■ **WORK ITEM**:
Reproduce the records word for word, from the first line to the line containing "Min_le[OF finite_row[OF assms(1)]] assms(3) by simp".

■ **MATERIAL PROVIDED**:
lemma finite_row: "finite A \<Longrightarrow> finite {t. (t, k) \<in> A}"
  by (rule finite_subset[of _ "fst ` A"]) force+

lemma nonempty_row: "k \<in> rows A \<Longrightarrow> {t. (t, k) \<in> A} \<noteq> {}"
  unfolding rows_def by force

lemma left_prio_le_imp_earlier_point:
  assumes "finite A" and "k \<in> rows A" and "(t, j) \<in> A" and "left_prio A k \<le> left_prio A j"
  shows "\<exists>t'. (t', k) \<in> A \<and> leftmost_col A \<le> t' \<and> t' \<le> t"
proof (intro exI conjI)
  let ?t' = "Min {t. (t, k) \<in> A}"
  show "(?t', k) \<in> A"
    using Min_in[OF finite_row[OF assms(1)] nonempty_row[OF assms(2)]] by simp
  then show "leftmost_col A \<le> ?t'"
    unfolding leftmost_col_def using assms(1) by (metis Min_le finite_imageI fst_conv image_eqI)
  have "?t' \<le> Min {t. (t, j) \<in> A}" using assms(4) unfolding left_prio_def by simp
  also have "\<dots> \<le> t" using Min_le[OF finite_row[OF assms(1)]] assms(3) by simp
  finally show "?t' \<le> t" .
qed

lemma right_prio_le_imp_later_point:
  assumes "finite A" and "k \<in> rows A" and "(t, j) \<in> A" and "right_prio A k \<le> right_prio A j"
  shows "\<exists>t'. (t', k) \<in> A \<and> t \<le> t' \<and> t' \<le> rightmost_col A"
proof (intro exI conjI)
  let ?t' = "Max {t. (t, k) \<in> A}"
  show "(?t', k) \<in> A"
    using Max_in[OF finite_row[OF assms(1)] nonempty_row[OF assms(2)]] by simp
  then show "?t' \<le> rightmost_col A"
    unfolding rightmost_col_def using assms(1) by (metis Max_ge finite_imageI fst_conv image_eqI)
  have "t \<le> Max {t. (t, j) \<in> A}" using Max_ge[OF finite_row[OF assms(1)]] assms(3) by simp
  also have "\<dots> \<le> ?t'" using assms(4) unfolding right_prio_def by simp
  finally show "t \<le> ?t'" .
qed

lemma arborally_satisfied_access_left:
  assumes "finite A" and "arborally_satisfied A" and "bst T" and "set_tree T = rows A"
    and "left_congruent T A" and "pruned T \<tau>" and "c \<le> leftmost_col A"
  shows "arborally_satisfied (A \<union> {(c, k) | k. k \<in> set_tree \<tau>})"
proof -
  have "heap (map_tree (left_prio A) T)"
    using assms(5) heap_if_refines_multi_treap
    unfolding left_congruent_def left_multi_treap_of_def by blast
  then show ?thesis
  proof (rule arborally_satisfied_access_pruned[OF assms(2-4) _ assms(6)])
    fix k t j assume "k \<in> rows A" "(t, j) \<in> A" "left_prio A k \<le> left_prio A j"
    then show "\<exists>t'. (t', k) \<in> A \<and> min c t \<le> t' \<and> t' \<le> max c t"
      using left_prio_le_imp_earlier_point[OF assms(1)] assms(7)
      by (meson min.coboundedI1 max.coboundedI2 order_trans)
  qed
qed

■ **RESPONSE TO THE TASK**:
lemma finite_row: "finite A \<Longrightarrow> finite {t. (t, k) \<in> A}"
  by (rule finite_subset[of _ "fst ` A"]) force+

lemma nonempty_row: "k \<in> rows A \<Longrightarrow> {t. (t, k) \<in> A} \<noteq> {}"
  unfolding rows_def by force

lemma left_prio_le_imp_earlier_point:
  assumes "finite A" and "k \<in> rows A" and "(t, j) \<in> A" and "left_prio A k \<le> left_prio A j"
  shows "\<exists>t'. (t', k) \<in> A \<and> leftmost_col A \<le> t' \<and> t' \<le> t"
proof (intro exI conjI)
  let ?t' = "Min {t. (t, k) \<in> A}"
  show "(?t', k) \<in> A"
    using Min_in[OF finite_row[OF assms(1)] nonempty_row[OF assms(2)]] by simp
  then show "leftmost_col A \<le> ?t'"
    unfolding leftmost_col_def using assms(1) by (metis Min_le finite_imageI fst_conv image_eqI)
  have "?t' \<le> Min {t. (t, j) \<in> A}" using assms(4) unfolding left_prio_def by simp
  also have "\<dots> \<le> t" using Min_le[OF finite_row[OF assms(1)]] assms(3) by simp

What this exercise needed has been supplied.